(* Let $r\geq 2$ be an integer, and let $x_i$ ($1\le i\le r$) and $y_{i,j}$ ($1\le i\le j\le r$) be formal variables. Define \[ L(x,y)=\sum_{T\in\mathcal{U}_r}\prod_{v=2}^r\Big(x_{f_T(v)}\sum_{u\in \mathfrak{h}_T(v)} y_{v,u}\Big),\qquad R(x,y)=x_1\,y_{r,r}\prod_{i=2}^{r-1}\Bigg(\sum_{j=1}^{i} x_j\,y_{i,i}+\sum_{j=i+1}^{r} x_i\,y_{i,j}\Bigg). \] Then \[ \text{(a)}\quad y_{1,1}\,L(x,y)=\sum_{\pi\in\Pi_1(\{1,\dots,r\})} D(\pi)\sum_{T\in\mathcal{E}(\pi)}\kappa(T), \] \[ \text{(b)}\quad y_{1,1}\,R(x,y)=\sum_{\pi\in\Pi_1(\{1,\dots,r\})} D(\pi)\sum_{c\in\mathcal{C}(\pi)}\omega(c,\pi). \]
   Context: Rooted trees have edges oriented towards the root; the head of an edge is the father of its tail (son); $f_T(v)$ is the father of a non-root vertex $v$. Descendants of a vertex are its sons and recursively their descendants; $u$ is a descendant of $v$ iff $v$ is an ancestor of $u$. An unordered increasing tree on a finite set $\mathcal{S}$ of positive integers is a rooted tree with vertex-set $\mathcal{S}$, sons unordered, such that every son has a larger label than its father. $\mathcal{U}_r$ is the set of unordered increasing trees on $\{1,\dots,r\}$. The hook $\mathfrak{h}_T(v)$ is $v$ together with its descendants. For an unordered increasing tree $T$, $\sigma_i(T)$ is the number of sons of $i$ and $\kappa(T)=\prod_{i\in V(T)}x_i^{\sigma_i(T)}$. $\Pi_1(\{1,\dots,r\})$ is the set of set partitions $\pi$ of $\{1,\dots,r\}$ having $\{1\}$ as a block. If $\pi$ has $k$ blocks, they are indexed $\pi_1,\dots,\pi_k$ so that their maxima $\mu_i=\max\pi_i$ satisfy $\mu_1<\dots<\mu_k$ (so $\pi_1=\{1\}$, $\mu_1=1$, $\mu_k=r$). A function $g:\mathcal{S}\to\mathcal{S}$ is dominating if $g(i)\ge i$ for all $i$; its weight is $\mathrm{wt}_g=\prod_{i\in\mathcal{S}}y_{i,g(i)}$. Its induced partition is the partition of $\mathcal{S}$ into the vertex-sets of the connected components (ignoring orientation) of the digraph with edges $(i,g(i))$. $\mathcal{D}(\pi)$ is the set of dominating functions on $\{1,\dots,r\}$ with induced partition $\pi$, and $D(\pi)=\sum_{g\in\mathcal{D}(\pi)}\mathrm{wt}_g$. $\mathcal{E}(\pi)$ is the set of unordered increasing trees on $\{1,\dots,r\}$ such that for every two elements $i<j$ in the same block of $\pi$, $i$ is an ancestor of $j$. $\mathcal{C}(\pi)=\{(c_2,\dots,c_{k-1}):1\le c_i\le\mu_i\}$ (containing only the empty list if $k=2$), and for $c\in\mathcal{C}(\pi)$, \[ \omega(c,\pi)=\frac{x_{c_2}\cdots x_{c_{k-1}}}{x_{\mu_2}\cdots x_{\mu_k}}\prod_{i=1}^r x_i. \] *)

theory Defs
  imports Main "HOL-Library.Disjoint_Sets" "HOL-Library.FuncSet"
begin
(* Given integers $1 \le k' < k$ and reals $\beta, \xi > 0$, there exist $C, T > 0$ such that the following holds for all sufficiently large $n$ and all $m \ge C n^{1 - 1/(k-1)}$: for all but at most $\beta^m \binom{n}{m}$ of the $m$-element sets $S \subseteq [n]$, there exists $X \subset S$ with $|X| \le \xi m$ such that $$\frac{1}{n} \sum_{x \in [n]} \mathrm{AP}_{k',k}(x, S \setminus X, [n])^2 \le T \mu_e^2,$$ where $\mu_e = n (m/n)^{k'}$.
   Context: $[n] = \{1, \ldots, n\}$. A $k$-term arithmetic progression (AP) is a set of the form $\{a, a+d, \ldots, a+(k-1)d\}$ of integers with $d \ge 1$. For $x \in [n]$, sets $S \subseteq D \subseteq [n]$ and integers $0 \le k' \le k$, $\mathrm{AP}_{k',k}(x, S, D)$ denotes the number of $k$-term APs contained in $D$ which contain $x$ and contain at least $k'$ elements of $S \setminus \{x\}$. *)

theory Defs
  imports "HOL-Analysis.Analysis"
begin

definition intv :: "nat \<Rightarrow> int set" where
  "intv n = {1..int n}"

definition is_AP :: "nat \<Rightarrow> int set \<Rightarrow> bool" where
  "is_AP k P \<longleftrightarrow> (\<exists>a d. d \<ge> 1 \<and> P = {a + int i * d | i. i < k})"

definition AP_count :: "nat \<Rightarrow> nat \<Rightarrow> int \<Rightarrow> int set \<Rightarrow> int set \<Rightarrow> nat" where
  "AP_count k' k x S D =
     card {P. is_AP k P \<and> P \<subseteq> D \<and> x \<in> P \<and> card (P \<inter> (S - {x})) \<ge> k'}"

end

theory Submission
  imports Defs
begin
lemma admissible_card_class_le:
  assumes Z: "admissible Z" and U: "U \<in> nontrivial_twin_classes G" "I \<inter> U \<noteq> {}"
  shows "card (I \<inter> U) - 1 + of_bool (I \<inter> U \<subseteq> Z) \<le> card (Z \<inter> U)"
proof (cases "I \<inter> U \<subseteq> Z")
  case True
  then have "Z \<inter> U = I \<inter> U"
    using admissible_subset[OF Z] by blast
  moreover have "card (I \<inter> U) \<ge> 1"
    using U(2) finite_I by (simp add: Suc_le_eq card_gt_0_iff)
  ultimately show ?thesis
    using True by simp
next
  case False
  have "card (I \<inter> U) \<le> card ((Z \<inter> U) \<union> (I \<inter> U - Z))"
    using finite_I admissible_subset[OF Z] by (intro card_mono) (auto intro: finite_subset)
  also have "\<dots> \<le> card (Z \<inter> U) + card (I \<inter> U - Z)"
    by (rule card_Un_le)
  finally show ?thesis
    using admissible_card_class_diff[OF Z U(1)] False by simp
qed

lemma sum_I_classes_le:
  assumes Z: "admissible Z"
  shows "(\<Sum>U\<in>I_classes. card (I \<inter> U) - 1) + card {U \<in> I_classes. I \<inter> U \<subseteq> Z}
           \<le> card (Z \<inter> T_set G)"
proof -
  have finZ: "finite Z"
    using admissible_subset[OF Z] finite_I by (rule finite_subset)
  have "(\<Sum>U\<in>I_classes. card (I \<inter> U) - 1) + card {U \<in> I_classes. I \<inter> U \<subseteq> Z}
      = (\<Sum>U\<in>I_classes. card (I \<inter> U) - 1 + of_bool (U \<in> {U \<in> I_classes. I \<inter> U \<subseteq> Z}))"
    using finite_I_classes by (intro sum_add_of_bool_mem[symmetric]) auto
  also have "\<dots> \<le> (\<Sum>U\<in>I_classes. card (Z \<inter> U))"
    using admissible_card_class_le[OF Z] by (intro sum_mono) auto
  also have "\<dots> = card (\<Union>U\<in>I_classes. Z \<inter> U)"
  proof (rule card_UN_disjoint[symmetric])
    have "U = U'" if "U \<in> nontrivial_twin_classes G" "U' \<in> nontrivial_twin_classes G"
      "x \<in> U" "x \<in> U'" for U U' x
      using nontrivial_twin_class_eq[OF that(1,3)] nontrivial_twin_class_eq[OF that(2,4)] by simp
    then show "\<forall>U\<in>I_classes. \<forall>U'\<in>I_classes. U \<noteq> U' \<longrightarrow> (Z \<inter> U) \<inter> (Z \<inter> U') = {}"
      by blast
  qed (use finite_I_classes finZ in auto)
  also have "\<dots> \<le> card (Z \<inter> T_set G)"
    using finZ by (intro card_mono) (auto simp: T_set_def)
  finally show ?thesis .
qed
lemma tv_dist_le_split_bound:
  fixes PV :: "'w \<Rightarrow> 'u \<Rightarrow> 'v::countable pmf"
  shows "ennreal (tv_dist (induced_PV PW PV c) (pmf (marg_V PW PU PV)))
    \<le> (\<integral>\<^sup>+v. ennreal (split_bound PW PU PV B v c / 2) \<partial>count_space UNIV)"
proof -
  let ?d = "\<lambda>v. \<bar>induced_PV PW PV c v - pmf (marg_V PW PU PV) v\<bar>"
  have "ennreal (\<Sum>\<^sub>\<infinity>v. ?d v) \<le> (\<integral>\<^sup>+v. ennreal (?d v) \<partial>count_space UNIV)"
    by (rule ennreal_infsum_le_nn_integral) simp
  also have "\<dots> \<le> (\<integral>\<^sup>+v. ennreal (split_bound PW PU PV B v c) \<partial>count_space UNIV)"
    by (intro nn_integral_mono ennreal_leI abs_induced_PV_le_split_bound)
  finally have "ennreal (\<Sum>\<^sub>\<infinity>v. ?d v) / 2
      \<le> (\<integral>\<^sup>+v. ennreal (split_bound PW PU PV B v c) \<partial>count_space UNIV) / 2"
    by (rule divide_right_mono_ennreal)
  moreover have "0 \<le> (\<Sum>\<^sub>\<infinity>v. ?d v)" by (rule infsum_nonneg) simp
  moreover have "ennreal (split_bound PW PU PV B v c) / 2 = ennreal (split_bound PW PU PV B v c / 2)" for v
    by (rule ennreal_divide_numeral) (rule split_bound_bounds)
  ultimately show ?thesis
    unfolding tv_dist_def by (simp add: nn_integral_divide[symmetric] ennreal_divide_numeral)
qed

lemma nn_integral_split_bound:
  fixes PW :: "'w::countable pmf" and PU :: "'w \<Rightarrow> 'u::countable pmf"
  shows "(\<integral>\<^sup>+c. ennreal (split_bound PW PU PV B v c / 2) \<partial>codebook PU)
    \<le> ennreal (sqrt (diag_term PW PU (chan_part B PV v)) / 2 + avg_mean PW PU (chan_part (- B) PV v))"
proof -
  interpret prob_space "codebook PU" by (rule prob_space_codebook)
  let ?X = "codebook_avg PW (chan_part B PV v)" and ?q = "avg_mean PW PU (chan_part B PV v)"
  let ?Y = "codebook_avg PW (chan_part (- B) PV v)" and ?r = "avg_mean PW PU (chan_part (- B) PV v)"
  have int: "integrable (codebook PU) (codebook_avg PW (chan_part B' PV v))" for B'
    by (rule integrable_const_bound[where B=1]) (simp_all add: codebook_avg_chan_part_bounds)
  have "expectation (\<lambda>c. split_bound PW PU PV B v c / 2)
      = (expectation (\<lambda>c. \<bar>?X c - ?q\<bar>) + expectation ?Y + ?r) / 2"
    unfolding split_bound_def using int[of B] int[of "- B"] by (simp add: prob_space)
  also have "\<dots> \<le> (sqrt (diag_term PW PU (chan_part B PV v)) + ?r + ?r) / 2"
    using codebook_avg_deviation[where a="chan_part B PV v" and PW=PW and PU=PU, OF chan_part_bounds]
      expectation_codebook_avg[where a="chan_part (- B) PV v" and PW=PW and PU=PU, OF chan_part_bounds]
    by simp
  finally have "expectation (\<lambda>c. split_bound PW PU PV B v c / 2)
      \<le> sqrt (diag_term PW PU (chan_part B PV v)) / 2 + ?r" by simp
  moreover have "(\<lambda>c. split_bound PW PU PV B v c / 2) \<in> borel_measurable (codebook PU)"
    unfolding split_bound_def by measurable
  moreover have "0 \<le> split_bound PW PU PV B v c / 2" "split_bound PW PU PV B v c / 2 \<le> 3" for c
    using split_bound_bounds[of PW PU PV B v c] by auto
  ultimately show ?thesis
    by (subst ennreal_expectation_bounded[where B=3, symmetric]) (auto intro: ennreal_leI)
qed

lemma nn_integral_output_bound:
  fixes PW :: "'w pmf" and PU :: "'w \<Rightarrow> 'u pmf" and PV :: "'w \<Rightarrow> 'u \<Rightarrow> 'v::countable pmf" and \<tau> :: real
  defines "A \<equiv> A_set PW PU PV \<tau>"
  shows "(\<integral>\<^sup>+v. ennreal (sqrt (diag_term PW PU (chan_part A PV v)) / 2 + avg_mean PW PU (chan_part (- A) PV v))
      \<partial>count_space UNIV)
    = ennreal (measure_pmf.prob (joint_pmf PW PU PV) (- A) + delta PW PU PV \<tau>)"
proof -
  let ?Q = "marg_V PW PU PV" and ?Y = "cond_moment PW PU PV \<tau>"
  have Y: "0 \<le> ?Y v" "?Y v \<le> 2 powr \<tau>" for v by (rule cond_moment_bounds)+
  have r: "0 \<le> avg_mean PW PU (chan_part (- A) PV v)" for v
    by (rule avg_mean_chan_part_bounds)
  have "ennreal (sqrt (diag_term PW PU (chan_part A PV v)) / 2 + avg_mean PW PU (chan_part (- A) PV v))
      = ennreal (pmf ?Q v) * ennreal (sqrt (?Y v) / 2) + ennreal (avg_mean PW PU (chan_part (- A) PV v))" for v
  proof -
    have "sqrt (diag_term PW PU (chan_part A PV v)) / 2 = pmf ?Q v * (sqrt (?Y v) / 2)"
      unfolding A_def diag_term_chan_part by (simp add: real_sqrt_mult)
    then show ?thesis
      using Y[of v] r[of v] by (simp add: ennreal_plus[symmetric] ennreal_mult[symmetric] del: ennreal_plus)
  qed
  then have "(\<integral>\<^sup>+v. ennreal (sqrt (diag_term PW PU (chan_part A PV v)) / 2 + avg_mean PW PU (chan_part (- A) PV v))
      \<partial>count_space UNIV)
    = (\<integral>\<^sup>+v. ennreal (sqrt (?Y v) / 2) \<partial>?Q)
      + (\<integral>\<^sup>+v. ennreal (avg_mean PW PU (chan_part (- A) PV v)) \<partial>count_space UNIV)"
    by (simp add: nn_integral_add nn_integral_measure_pmf)
  also have "(\<integral>\<^sup>+v. ennreal (sqrt (?Y v) / 2) \<partial>?Q) = ennreal (delta PW PU PV \<tau>)"
  proof -
    have "sqrt (?Y v) / 2 \<le> sqrt (2 powr \<tau>)" for v
      using real_sqrt_le_mono[OF Y(2)[of v]] real_sqrt_ge_zero[OF Y(1)[of v]] by linarith
    then show ?thesis
      unfolding delta_eq using Y
      by (subst measure_pmf.ennreal_expectation_bounded[where B="sqrt (2 powr \<tau>)", symmetric]) auto
  qed
  also have "(\<integral>\<^sup>+v. ennreal (avg_mean PW PU (chan_part (- A) PV v)) \<partial>count_space UNIV)
      = ennreal (measure_pmf.prob (joint_pmf PW PU PV) (- A))"
    by (simp add: nn_integral_avg_mean_chan_part measure_pmf.emeasure_eq_measure)
  finally show ?thesis
    using delta_nonneg[of PW PU PV \<tau>] by (simp add: ennreal_plus add.commute)
qed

::::::::

Among the lines of the preceding data, which ones hold the word "infinity"? List them.

**Response to this exercise:**
  have "ennreal (\<Sum>\<^sub>\<infinity>v. ?d v) \<le> (\<integral>\<^sup>+v. ennreal (?d v) \<partial>count_space UNIV)"
  finally have "ennreal (\<Sum>\<^sub>\<infinity>v. ?d v) / 2
  moreover have "0 \<le> (\<Sum>\<^sub>\<infinity>v. ?d v)" by (rule infsum_nonneg) simp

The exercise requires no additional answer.